The purpose of this project is to design and mass-produce kits for a floating tiny house that can sail. It combines high-tech modeling and fabrication and low-tech assembly that can be carried out DIY-style on a riverbank or a beach. This boat is a 3-bedroom with a kitchen, a sauna and a dining room. The deck is big enough to throw dance parties. It can be used as a river boat, a canal boat or even a beach house. Oh, and it's rugged and stable enough to take out on the ocean. Kits will start at around $50k (USD). The design has been tested in simulation and prototype; full-scale production will begin next year.
Tuesday, December 6, 2016
The Final Sheeting Arrangement
Previously, I proposed a design for an automatic traveler system that would move sheet blocks back and forth to counteract the twist. I don’t know whether it would work, because I haven’t tested it, mainly because I don’t like it. It’s too complicated. But I didn’t know what else to do… until yesterday.

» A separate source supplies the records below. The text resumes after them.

(* Let $k>0$ and $\ell\ge0$ be integers, $q=2^k$ and $Q=2^{\ell}$. Then the polynomial $(X^{q^2}+X^q+X)\circ X^{Q+1}=X^{q^2(Q+1)}+X^{q(Q+1)}+X^{Q+1}$ is injective on $u+\mathbb{F}_q$ for every $u\in\mathbb{F}_{q^3}$ if and only if $\gcd(q-1,Q+1)=1$, or equivalently, if and only if $\operatorname{ord}_2(k)\le\operatorname{ord}_2(\ell)$.
   Context: For a nonzero integer $N$, $\operatorname{ord}_2(N)$ is the largest integer $s\ge0$ with $2^s\mid N$, and $\operatorname{ord}_2(0)=\infty$. *)

theory Defs
  imports "HOL-Computational_Algebra.Computational_Algebra" "HOL-Library.Extended_Nat"
begin

definition ord2 :: "nat \<Rightarrow> enat" where
  "ord2 N = (if N = 0 then \<infinity> else enat (multiplicity (2::nat) N))"

text \<open>The subfield F_q of a finite field of characteristic p containing it:
  the set of elements fixed by the q-Frobenius x \<mapsto> x^q.\<close>
definition subfield_of_order :: "nat \<Rightarrow> 'a::field set" where
  "subfield_of_order q = {a. a ^ q = a}"

end

theory Submission
  imports Defs "HOL-Number_Theory.Number_Theory"
begin

(* Write q = 2^k, Q = 2^l and T x = x^(q^2) + x^q + x for the trace of F_(q^3) over F_q, so that
   the polynomial is f x = T (x^(Q+1)).  T is F_q-linear, commutes with the Frobenius power x^Q
   and is the identity on F_q (as 3 = 1 in characteristic 2).  Expanding (u + a)^(Q+1) therefore
   gives f (u + a) = f u + t^(Q+1) + (t + a)^(Q+1) for a in F_q, where t = T u lies in F_q.
   So f is injective on u + F_q iff x^(Q+1) is injective on F_q, i.e. iff gcd (q - 1) (Q + 1) = 1.
   A common divisor d of 2^k - 1 and 2^l + 1 has ord_d 2 dividing both k and 2 l; if
   ord_2 k <= ord_2 l this forces ord_d 2 to divide l, whence d divides 2 and d = 1.  Otherwise,
   with b = ord_2 l, the number 2^(2^b) + 1 divides both 2^k - 1 and 2^l + 1. *)

lemma cong_minus_one_mod_plus_one: "[int y = -1] (mod int y + 1)"
  by (simp add: cong_iff_dvd_diff)

lemma plus_one_dvd_power_plus_one:
  fixes y :: nat
  assumes "odd n"
  shows "y + 1 dvd y ^ n + 1"
proof -
  have "[int y ^ n = (-1) ^ n] (mod int y + 1)"
    by (intro cong_pow cong_minus_one_mod_plus_one)
  then have "[int y ^ n = -1] (mod int y + 1)"
    using assms by simp
  then have "int (y + 1) dvd int (y ^ n + 1)"
    by (simp add: cong_iff_dvd_diff ac_simps)
  then show ?thesis
    by (simp only: of_nat_dvd_iff)
qed

lemma plus_one_dvd_power_minus_one:
  fixes y :: nat
  assumes "even n"
  shows "y + 1 dvd y ^ n - 1"
proof (cases "y = 0")
  case False
  have "[int y ^ n = (-1) ^ n] (mod int y + 1)"
    by (intro cong_pow cong_minus_one_mod_plus_one)
  then have "[int (y ^ n) = int 1] (mod int (y + 1))"
    using assms by (simp add: ac_simps)
  then have "[y ^ n = 1] (mod y + 1)"
    by (simp only: cong_int_iff)
  moreover have "y ^ n \<ge> 1"
    using False by simp
  ultimately show ?thesis
    by (simp add: cong_altdef_nat)
qed simp

lemma minus_one_dvd_power_minus_one:
  fixes x :: nat
  shows "x - 1 dvd x ^ n - 1"
proof (cases "x = 0")
  case False
  have "[x = 1] (mod x - 1)"
    using False by (simp add: cong_altdef_nat)
  then have "[x ^ n = 1] (mod x - 1)"
    by (metis cong_pow power_one)
  then show ?thesis
    using False by (simp add: cong_altdef_nat)
qed (cases n, simp_all)

lemma dvd_of_dvd_double_if_multiplicity_le:
  fixes m k l :: nat
  assumes "m dvd k" "m dvd 2 * l" "k \<noteq> 0" "multiplicity 2 k \<le> multiplicity 2 l"
  shows "m dvd l"
proof (cases "l = 0")
  case False
  have "m \<noteq> 0"
    using assms(1,3) by auto
  then show ?thesis
  proof (rule multiplicity_le_imp_dvd)
    fix p :: nat
    assume "prime p"
    show "multiplicity p m \<le> multiplicity p l"
    proof (cases "p = 2")
      case True
      then show ?thesis
        using dvd_imp_multiplicity_le[OF assms(1,3), of 2] assms(4) by simp
    next
      case False
      have "multiplicity p (2 * l) = multiplicity p l"
        using \<open>prime p\<close> \<open>l \<noteq> 0\<close> False
        by (simp add: prime_elem_multiplicity_mult_distrib prime_multiplicity_other)
      then show ?thesis
        using dvd_imp_multiplicity_le[OF assms(2), of p] \<open>l \<noteq> 0\<close> by simp
    qed
  qed
qed simp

Yesterday I looked at some traditional Chinese Junk set-ups, which use twin sheets. There are two separate sheeting set-ups for port and starboard tacks. Having two sets of sheets solves a couple of problems. One is that there doesn’t have to be a gap between the leach of one sail and the luff of the next for the sheets to move through, and a sail can overhang the transom without requiring a boomkin for sheeting, because each sheet hangs to the side of the sail. The other is that with the Junk rig the force on the sail acts differently depending on the tack: on one tack, it pushes the battens against the mast; on the other, it pulls them away from the mast. Because of this, the optimal sheeting angles are different for each tack, but with a single sheet there is just one attachment point on deck.
Now, that alone isn’t too interesting, but it becomes very interesting when combined with QUIDNON’s super-wide deck arches. You see, the twist happens because the forces on the different sail panels are different but the sheetlets all go to blocks that are all the same spot, at the same angle to the sail. But the deck arches allow the sheet blocks to be spaced apart so as to counteract the twist.
I like this solution because of its simplicity. The trade-off is that the running rigging has gained two more lines, because now there are four sheets to manage instead of two. But then that’s not a big increase in percentage terms. Before splitting up the sheets into port and starboard there was the one sheet, two halyards (peak and throat), two topping lifts (fore and aft) and one downhaul. That’s 7 lines per sail. And now there are 8.
The twin sheets have a few additional advantages. They make it possible to backwind the sails, to slow down or even to sail backwards. This is sometimes useful; for example, for sailing into a slip at a marina. (Yes, Junk rigs make it possible to do things under sail that sloop and ketch sailors can only dream of.) It also makes it possible to heave-to in the traditional manner, by sheeting in the main, backwinding the foresail and lashing the tiller to leeward, rather than in the Junk manner—by simply letting go the sheets and playing with the rudder until the sails trail off to leeward at some comfortable angle. When becalmed in a swell they make it possible to tighten both port and starboard sheets so that the sails do not swing back and forth on the swell, snubbing at the sheets. Lastly, if a sheet parts (as they all do eventually) then it is still possible to sail—perfectly well on one tack, less well on the other.
There is just one question left to answer: Does this actually work? (I know, details, details...) Well, I rigged it up on the 1:12 model, and, lo and behold, it does! Here's the money shot: the mainsail sheeted in sets perfectly flat. This is about as good as it gets. This boat is going to sail to windward and short-tack like a dream!
Update 2016-12-16: In discussing this sheeting arrangement with Dave Zeiger (who generally approved of it) it turned out that there is one more problem to solve: when the sail is reefed, more force from the sheet gets concentrated on the boom and the battens that stack up at the bottom of the sail, causing a lot of twist. My proposed solution (to be tested) is to add a row of cam cleats to the front side of the deck arches. The drill is, prior to reefing, walk up to each deck arch, take the appropriate part of the sheet and jam it into a cam cleat, so that the rest of the sheet remains slack and imparts no force on the boom or the other battens stacked at the bottom.